##### Supplied data

lemma gauge_norm_Psi_equivalent_max_Lp_norm:
  assumes a: "0 < a"
  shows "\<exists>c C. 0 < c \<and> 0 < C \<and> (\<forall>f\<in>orlicz (Psi a).
           c * max (Lp_norm 2 f) (Lp_norm 3 f) \<le> gauge_norm (Psi a) f \<and>
           gauge_norm (Psi a) f \<le> C * max (Lp_norm 2 f) (Lp_norm 3 f))"
proof (intro exI conjI ballI)
  interpret young_delta2 "Psi a" 4
    using young_delta2_Psi[OF a] .
  define K where "K = 3 * a powr (- 1 / 2) + 3"
  have K: "3 * a powr (- 1 / 2) \<le> K" "3 \<le> K"
    by (simp_all add: K_def)
  show "0 < 1 / K"
    using K by simp
  show "0 < 2 * (sqrt a + 1)"
    using a by (simp add: add_nonneg_pos)
  fix f assume f: "f \<in> orlicz (Psi a)"
  show "gauge_norm (Psi a) f \<le> 2 * (sqrt a + 1) * max (Lp_norm 2 f) (Lp_norm 3 f)"
    by (rule gauge_norm_Psi_le_max_Lp_norm[OF a f])
  have "Lp_norm 2 f \<le> K * gauge_norm (Psi a) f" "Lp_norm 3 f \<le> K * gauge_norm (Psi a) f"
    using Lp_norm_2_le_gauge_norm_Psi[OF a f] Lp_norm_3_le_gauge_norm_Psi[OF a f]
      mult_right_mono[OF K(1) gauge_norm_nonneg[OF f]] mult_right_mono[OF K(2) gauge_norm_nonneg[OF f]]
    by linarith+
  then show "1 / K * max (Lp_norm 2 f) (Lp_norm 3 f) \<le> gauge_norm (Psi a) f"
    using K by (simp add: field_simps)
qed

theorem lemma3p1:
  shows
   "(\<forall>\<alpha>>0.
      young_function (Psi \<alpha>) \<and>
      strictly_convex_on UNIV (Psi \<alpha>) \<and>
      strict_mono_on {0..} (Psi \<alpha>) \<and>
      C2 (Psi \<alpha>) \<and>
      (\<forall>f\<in>orlicz (Psi \<alpha>). \<not> (AE x in lebesgue. f x = 0) \<longrightarrow>
         gauge_norm (Psi \<alpha>) f > 0 \<and>
         (\<integral>\<^sup>+ x. ennreal (Psi \<alpha> (f x / gauge_norm (Psi \<alpha>) f)) \<partial>lebesgue) = 1 \<and>
         (\<forall>l>0. (\<integral>\<^sup>+ x. ennreal (Psi \<alpha> (f x / l)) \<partial>lebesgue) = 1
                  \<longrightarrow> l = gauge_norm (Psi \<alpha>) f)) \<and>
      (\<forall>f\<in>orlicz (Psi \<alpha>).
         0 \<le> gauge_norm (Psi \<alpha>) f \<and>
         (gauge_norm (Psi \<alpha>) f = 0 \<longleftrightarrow> (AE x in lebesgue. f x = 0)) \<and>
         (\<forall>c. (\<lambda>x. c * f x) \<in> orlicz (Psi \<alpha>) \<and>
              gauge_norm (Psi \<alpha>) (\<lambda>x. c * f x) = \<bar>c\<bar> * gauge_norm (Psi \<alpha>) f) \<and>
         (\<forall>g\<in>orlicz (Psi \<alpha>). (\<lambda>x. f x + g x) \<in> orlicz (Psi \<alpha>) \<and>
              gauge_norm (Psi \<alpha>) (\<lambda>x. f x + g x)
                \<le> gauge_norm (Psi \<alpha>) f + gauge_norm (Psi \<alpha>) g)) \<and>
      orlicz (Psi \<alpha>) = Lp_space 2 \<inter> Lp_space 3 \<and>
      (\<exists>c C. 0 < c \<and> 0 < C \<and>
         (\<forall>f\<in>orlicz (Psi \<alpha>).
            c * max (Lp_norm 2 f) (Lp_norm 3 f) \<le> gauge_norm (Psi \<alpha>) f \<and>
            gauge_norm (Psi \<alpha>) f \<le> C * max (Lp_norm 2 f) (Lp_norm 3 f))))
    \<and>
    (\<exists>C>0. \<forall>\<alpha>>0. \<forall>f\<in>orlicz (Psi \<alpha>).
        Lp_norm 2 f \<le> C * \<alpha> powr (-1/2) * gauge_norm (Psi \<alpha>) f \<and>
        Lp_norm 3 f \<le> C * gauge_norm (Psi \<alpha>) f)"
  apply (intro conjI allI impI ballI)
  subgoal by (rule young_function_Psi)
  subgoal by (rule strictly_convex_on_Psi)
  subgoal by (rule strict_mono_on_Psi)
  subgoal by (rule C2_Psi)
  subgoal for \<alpha> f
    by (simp add: young.gauge_norm_pos_iff[OF young_Psi])
  subgoal for \<alpha> f
    using young_delta2.modular_gauge_norm[OF young_delta2_Psi, of \<alpha> f]
      young.gauge_norm_pos_iff[OF young_Psi, of \<alpha> f]
    by (simp add: modular_def)
  subgoal for \<alpha> f l
    using young_delta2.gauge_norm_unique[OF young_delta2_Psi, of \<alpha> f l]
      young.gauge_norm_pos_iff[OF young_Psi, of \<alpha> f]
    by (simp add: modular_def)
  subgoal by (rule young.gauge_norm_nonneg[OF young_Psi])
  subgoal by (rule young.gauge_norm_eq_0_iff[OF young_Psi])
  subgoal by (rule young.orlicz_cmult[OF young_Psi])
  subgoal by (rule young.gauge_norm_cmult[OF young_Psi])
  subgoal by (rule young.orlicz_add[OF young_Psi])
  subgoal by (rule young.gauge_norm_triangle[OF young_Psi])
  subgoal by (rule orlicz_Psi)
  subgoal by (rule gauge_norm_Psi_equivalent_max_Lp_norm)
  subgoal
    using Lp_norm_2_le_gauge_norm_Psi Lp_norm_3_le_gauge_norm_Psi by (intro exI[of _ 3]) auto
  done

##########

## What you should do
Restate every line of the data above exactly as it was written.

## Answer section
lemma gauge_norm_Psi_equivalent_max_Lp_norm:
  assumes a: "0 < a"
  shows "\<exists>c C. 0 < c \<and> 0 < C \<and> (\<forall>f\<in>orlicz (Psi a).
           c * max (Lp_norm 2 f) (Lp_norm 3 f) \<le> gauge_norm (Psi a) f \<and>
           gauge_norm (Psi a) f \<le> C * max (Lp_norm 2 f) (Lp_norm 3 f))"
proof (intro exI conjI ballI)
  interpret young_delta2 "Psi a" 4
    using young_delta2_Psi[OF a] .
  define K where "K = 3 * a powr (- 1 / 2) + 3"
  have K: "3 * a powr (- 1 / 2) \<le> K" "3 \<le> K"
    by (simp_all add: K_def)
  show "0 < 1 / K"
    using K by simp
  show "0 < 2 * (sqrt a + 1)"
    using a by (simp add: add_nonneg_pos)
  fix f assume f: "f \<in> orlicz (Psi a)"
  show "gauge_norm (Psi a) f \<le> 2 * (sqrt a + 1) * max (Lp_norm 2 f) (Lp_norm 3 f)"
    by (rule gauge_norm_Psi_le_max_Lp_norm[OF a f])
  have "Lp_norm 2 f \<le> K * gauge_norm (Psi a) f" "Lp_norm 3 f \<le> K * gauge_norm (Psi a) f"
    using Lp_norm_2_le_gauge_norm_Psi[OF a f] Lp_norm_3_le_gauge_norm_Psi[OF a f]
      mult_right_mono[OF K(1) gauge_norm_nonneg[OF f]] mult_right_mono[OF K(2) gauge_norm_nonneg[OF f]]
    by linarith+
  then show "1 / K * max (Lp_norm 2 f) (Lp_norm 3 f) \<le> gauge_norm (Psi a) f"
    using K by (simp add: field_simps)
qed

theorem lemma3p1:
  shows
   "(\<forall>\<alpha>>0.
      young_function (Psi \<alpha>) \<and>
      strictly_convex_on UNIV (Psi \<alpha>) \<and>
      strict_mono_on {0..} (Psi \<alpha>) \<and>
      C2 (Psi \<alpha>) \<and>
      (\<forall>f\<in>orlicz (Psi \<alpha>). \<not> (AE x in lebesgue. f x = 0) \<longrightarrow>
         gauge_norm (Psi \<alpha>) f > 0 \<and>
         (\<integral>\<^sup>+ x. ennreal (Psi \<alpha> (f x / gauge_norm (Psi \<alpha>) f)) \<partial>lebesgue) = 1 \<and>
         (\<forall>l>0. (\<integral>\<^sup>+ x. ennreal (Psi \<alpha> (f x / l)) \<partial>lebesgue) = 1
                  \<longrightarrow> l = gauge_norm (Psi \<alpha>) f)) \<and>
      (\<forall>f\<in>orlicz (Psi \<alpha>).
         0 \<le> gauge_norm (Psi \<alpha>) f \<and>
         (gauge_norm (Psi \<alpha>) f = 0 \<longleftrightarrow> (AE x in lebesgue. f x = 0)) \<and>
         (\<forall>c. (\<lambda>x. c * f x) \<in> orlicz (Psi \<alpha>) \<and>
              gauge_norm (Psi \<alpha>) (\<lambda>x. c * f x) = \<bar>c\<bar> * gauge_norm (Psi \<alpha>) f) \<and>
         (\<forall>g\<in>orlicz (Psi \<alpha>). (\<lambda>x. f x + g x) \<in> orlicz (Psi \<alpha>) \<and>
              gauge_norm (Psi \<alpha>) (\<lambda>x. f x + g x)
                \<le> gauge_norm (Psi \<alpha>) f + gauge_norm (Psi \<alpha>) g)) \<and>
      orlicz (Psi \<alpha>) = Lp_space 2 \<inter> Lp_space 3 \<and>
      (\<exists>c C. 0 < c \<and> 0 < C \<and>
         (\<forall>f\<in>orlicz (Psi \<alpha>).
            c * max (Lp_norm 2 f) (Lp_norm 3 f) \<le> gauge_norm (Psi \<alpha>) f \<and>
            gauge_norm (Psi \<alpha>) f \<le> C * max (Lp_norm 2 f) (Lp_norm 3 f))))
    \<and>
    (\<exists>C>0. \<forall>\<alpha>>0. \<forall>f\<in>orlicz (Psi \<alpha>).
        Lp_norm 2 f \<le> C * \<alpha> powr (-1/2) * gauge_norm (Psi \<alpha>) f \<and>
        Lp_norm 3 f \<le> C * gauge_norm (Psi \<alpha>) f)"
  apply (intro conjI allI impI ballI)
  subgoal by (rule young_function_Psi)
  subgoal by (rule strictly_convex_on_Psi)
  subgoal by (rule strict_mono_on_Psi)
  subgoal by (rule C2_Psi)
  subgoal for \<alpha> f
    by (simp add: young.gauge_norm_pos_iff[OF young_Psi])
  subgoal for \<alpha> f
    using young_delta2.modular_gauge_norm[OF young_delta2_Psi, of \<alpha> f]
      young.gauge_norm_pos_iff[OF young_Psi, of \<alpha> f]
    by (simp add: modular_def)
  subgoal for \<alpha> f l
    using young_delta2.gauge_norm_unique[OF young_delta2_Psi, of \<alpha> f l]
      young.gauge_norm_pos_iff[OF young_Psi, of \<alpha> f]
    by (simp add: modular_def)
  subgoal by (rule young.gauge_norm_nonneg[OF young_Psi])
  subgoal by (rule young.gauge_norm_eq_0_iff[OF young_Psi])
  subgoal by (rule young.orlicz_cmult[OF young_Psi])
  subgoal by (rule young.gauge_norm_cmult[OF young_Psi])
  subgoal by (rule young.orlicz_add[OF young_Psi])
  subgoal by (rule young.gauge_norm_triangle[OF young_Psi])
  subgoal by (rule orlicz_Psi)
  subgoal by (rule gauge_norm_Psi_equivalent_max_Lp_norm)
  subgoal
    using Lp_norm_2_le_gauge_norm_Psi Lp_norm_3_le_gauge_norm_Psi by (intro exI[of _ 3]) auto
  done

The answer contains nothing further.